L'OS ET L'ARÊTE du Bouche à Oreille n°109 Fév 2019

MICHELIN 2019

DES ÉTOILES A LA TOQUE DU CLIENT

Je ne connais pas la maison ouverte depuis mi-2015, je n’ai jamais mangé au restaurant de l’Hôtel de Tourrel, établissement de charme du centre-ancien de Saint-Rémy de Provence (13). Le nombre de chefs recrutés par la direction donne le tournis! Inventaire de publications relevées sur la page facebook* de la boutique:

  • 16 mai 2015: Philippe Ferbet
  • 16 juin 2015: Benoit Fauci
  • 22 décembre 2015: Bruno d’Angélis et Pascal Barnouin
  • 21 janvier 2017: Bruno d’Angélis
  • 25 mars 2017: Laurent Brunacci
  • 16 avril 2018: Jérémy Scalia

Dernier de la série embauché par la direction -5 ou 6 chefs en 3 ans, on s’y perd- le jeune Jérémy Scalia (27 ans) arrivé autour du 16 avril 2018. À peine six mois pour obtenir l’étoile, si l’on considère la date de clôture du Michelin 2019 située vers octobre 2018. La direction de l’hôtel doit avoir de sérieux arguments.

Arrivée aussi précipitamment qu’une étoile filante, la récompense pour l’Hôtel de Tourrel est une prouesse. Récompense probablement méritée, surtout selon les inspecteurs du Guide Rouge. Elle est à mettre en perspective avec d’autres curieux épisodes du cru 2019 de la Pravda des fourneaux.

Comme la perte d’une étoile pour Pascal Barbot de “L’Astrance” (75) rétrogradé à deux étoiles. Un chef qui n’ouvre pas son restaurant quand il n’est pas aux fourneaux, ça doit cacher des choses pas très nettes à une époque où les cuisiniers passent plus de temps sur les plateaux télé qu’avec leurs casseroles. Autre curiosité parmi tant d’autres, dans notre sudiste secteur de pérégrinations: Paul Bajade et ses “Chênes Verts” de Tourtour (83) perdent leur étoile. Le septuagénaire jeune homme produit pourtant une formidable cuisine, certes classique mais terriblement cultivée.

La presque intégralité de la blogosphère du microcosme de la sauce donne son avis sur les injustices du cru 2019 du miche, les incompréhensions parfois teintées de pathétiques parti-pris comme j’ai pu lire ou entendre: “je connais bien ce cuisinier, c’est injuste, il mérite une étoile car c’est mon ami.”  J’exagère à peine.

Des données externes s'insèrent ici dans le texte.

lemma sum_residue_class:
  fixes f :: "nat \<Rightarrow> 'a::comm_monoid_add"
  assumes "c < k" and "\<And>l. l < N \<Longrightarrow> l mod k \<noteq> c \<Longrightarrow> f l = 0"
  shows "(\<Sum>l<N. f l) = (\<Sum>m<class_size N k c. f (c + k * m))"
proof -
  have inj: "inj_on (\<lambda>m. c + k * m) {..<class_size N k c}"
    using assms(1) by (auto simp: inj_on_def)
  have "(\<Sum>l<N. f l) = (\<Sum>l\<in>{l. l < N \<and> l mod k = c}. f l)"
    using assms(2) by (intro sum.mono_neutral_right) auto
  also have "\<dots> = (\<Sum>m<class_size N k c. f (c + k * m))"
    unfolding residue_class_eq_image[OF assms(1)] sum.reindex[OF inj] by simp
  finally show ?thesis .
qed

lemma card_residue_class:
  assumes "c < k"
  shows "card {l. l < N \<and> l mod k = c} = class_size N k c"
proof -
  have "inj_on (\<lambda>m. c + k * m) {..<class_size N k c}"
    using assms by (auto simp: inj_on_def)
  then show ?thesis
    unfolding residue_class_eq_image[OF assms] by (simp add: card_image)
qed

lemma dsum_map_iff:
  "xs \<in> dsum (map L ns) \<longleftrightarrow> length xs = length ns \<and> (\<forall>i<length ns. xs ! i \<in> L (ns ! i))"
  unfolding dsum_def by auto

lemma dsum_append_iff:
  assumes "length xs = length Ls"
  shows "xs @ ys \<in> dsum (Ls @ Ms) \<longleftrightarrow> xs \<in> dsum Ls \<and> ys \<in> dsum Ms"
proof
  assume xys: "xs @ ys \<in> dsum (Ls @ Ms)"
  have "ys ! i \<in> Ms ! i" if "i < length Ms" for i
    using xys that assms unfolding dsum_def
    by (auto dest!: spec[of _ "length Ls + i"] simp: nth_append)
  moreover have "xs ! i \<in> Ls ! i" if "i < length Ls" for i
    using xys that assms unfolding dsum_def by (auto dest!: spec[of _ i] simp: nth_append)
  ultimately show "xs \<in> dsum Ls \<and> ys \<in> dsum Ms"
    using xys assms unfolding dsum_def by auto
next
  assume "xs \<in> dsum Ls \<and> ys \<in> dsum Ms"
  then show "xs @ ys \<in> dsum (Ls @ Ms)"
    using assms unfolding dsum_def by (auto simp: nth_append)
qed

lemma dsum_appendE:
  assumes "zs \<in> dsum (Ls @ Ms)"
  obtains xs ys where "zs = xs @ ys" "length xs = length Ls" "xs \<in> dsum Ls" "ys \<in> dsum Ms"
proof -
  have l: "length (take (length Ls) zs) = length Ls"
    using assms unfolding dsum_def by simp
  then have "take (length Ls) zs \<in> dsum Ls" "drop (length Ls) zs \<in> dsum Ms"
    using assms dsum_append_iff[OF l, of "drop (length Ls) zs" Ms] by simp_all
  with l show ?thesis
    using that[of "take (length Ls) zs" "drop (length Ls) zs"] by simp
qed

lemma dsum_replicate_iff: "ys \<in> dsum (replicate m L) \<longleftrightarrow> length ys = m \<and> set ys \<subseteq> L"
  unfolding dsum_def by (auto simp: set_conv_nth)

lemma map_map2_hom:
  assumes "length xs = length ys"
    and "\<And>i. i < length xs \<Longrightarrow> f (g (xs ! i) (ys ! i)) = h (f (xs ! i)) (f (ys ! i))"
  shows "map f (map2 g xs ys) = map2 h (map f xs) (map f ys)"
  using assms by (intro nth_equalityI) auto

definition list_lie_iso ::
  "(complex mat list \<Rightarrow> complex mat list) \<Rightarrow> complex mat list set \<Rightarrow> complex mat list set \<Rightarrow> bool" where
  "list_lie_iso g P Q \<longleftrightarrow> bij_betw g P Q \<and>
     (\<forall>xs\<in>P. \<forall>ys\<in>P. g (ladd xs ys) = ladd (g xs) (g ys)) \<and>
     (\<forall>c::real. \<forall>xs\<in>P. g (lsc c xs) = lsc c (g xs)) \<and>
     (\<forall>xs\<in>P. \<forall>ys\<in>P. g (lbr xs ys) = lbr (g xs) (g ys))"

lemma lie_iso_comp:
  assumes f: "lie_iso f S P" and g: "list_lie_iso g P Q"
  shows "lie_iso (g \<circ> f) S Q"
proof -
  have fP: "f A \<in> P" if "A \<in> S" for A
    using f that unfolding lie_iso_def bij_betw_def by blast
  show ?thesis
    using f g fP unfolding lie_iso_def list_lie_iso_def by (auto intro: bij_betw_trans)
qed

section \<open>Block decomposition\<close>

definition class_block :: "nat \<Rightarrow> nat \<Rightarrow> nat \<Rightarrow> complex mat \<Rightarrow> complex mat" where
  "class_block N k c A =
     mat (class_size N k c) (class_size N k c) (\<lambda>(a, b). A $$ (c + k * a, c + k * b))"

lemma class_block_carrier [simp]:
  "class_block N k c A \<in> carrier_mat (class_size N k c) (class_size N k c)"
  "dim_row (class_block N k c A) = class_size N k c"
  "dim_col (class_block N k c A) = class_size N k c"
  unfolding class_block_def by simp_all

lemma index_class_block [simp]:
  "a < class_size N k c \<Longrightarrow> b < class_size N k c \<Longrightarrow>
   class_block N k c A $$ (a, b) = A $$ (c + k * a, c + k * b)"
  unfolding class_block_def by simp

lemma class_block_add:
  assumes "c < k" "A \<in> carrier_mat N N" "B \<in> carrier_mat N N"
  shows "class_block N k c (A + B) = class_block N k c A + class_block N k c B"
  using assms add_mult_less_iff_class_size[OF assms(1)] by (intro eq_matI) auto

lemma class_block_minus:
  assumes "c < k" "A \<in> carrier_mat N N" "B \<in> carrier_mat N N"
  shows "class_block N k c (A - B) = class_block N k c A - class_block N k c B"
  using assms add_mult_less_iff_class_size[OF assms(1)] by (intro eq_matI) auto

lemma class_block_smult:
  assumes "c < k" "A \<in> carrier_mat N N"
  shows "class_block N k c (a \<cdot>\<^sub>m A) = a \<cdot>\<^sub>m class_block N k c A"
  using assms add_mult_less_iff_class_size[OF assms(1)] by (intro eq_matI) auto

Comprendre les errements du Michelin: pour survivre dans un contexte où les goûts du public évoluent plus vite que les avis des guides, le bibendum n’a pas d’autre choix que de taper fort du pneu sur la table. Un signe de faiblesse suiviste: le Michelin se glisse désormais dans les pas du marché et des modes initiées par d’autres. Ça sent le caoutchouc brûlé.

Le Michelin -qui était à la recherche de relais de croissance et à se renforcer dans l’événementiel- est depuis 2017 actionnaire à 40% du guide Fooding, guide branchouille mais au contact du présent: il lui permet de raccrocher son wagon traditionaliste au train des désirs de la nouvelle génération de cuisiniers. Un casting “Fooding” de chefs au socio-style marqué, histoire pour le Guide Rouge de consolider l’idée de guide du futur et non du passé. Pure stratégie marketing, d’autant que le guide Fooding est gavé de “partenariat”, formule polie de la publicité. Stratégie qui concerne les actionnaires du fabricant de pneus… et personne d’autre! Sauf que si le Guide Rouge dégomme l’étoile de Paul Bajade pour cause de“cuisine de musée”, la maison Bocuse possède toujours 3 étoiles. Et on ne peut pas dire que la cuisine y soit véritablement avant-gardiste.

Réseaux, amis, lobbying (notamment vigneron), gros sous et règlements de compte: le Michelin continue de se moquer du monde en navigant selon ses intérêts du moment, plus ou moins occultes.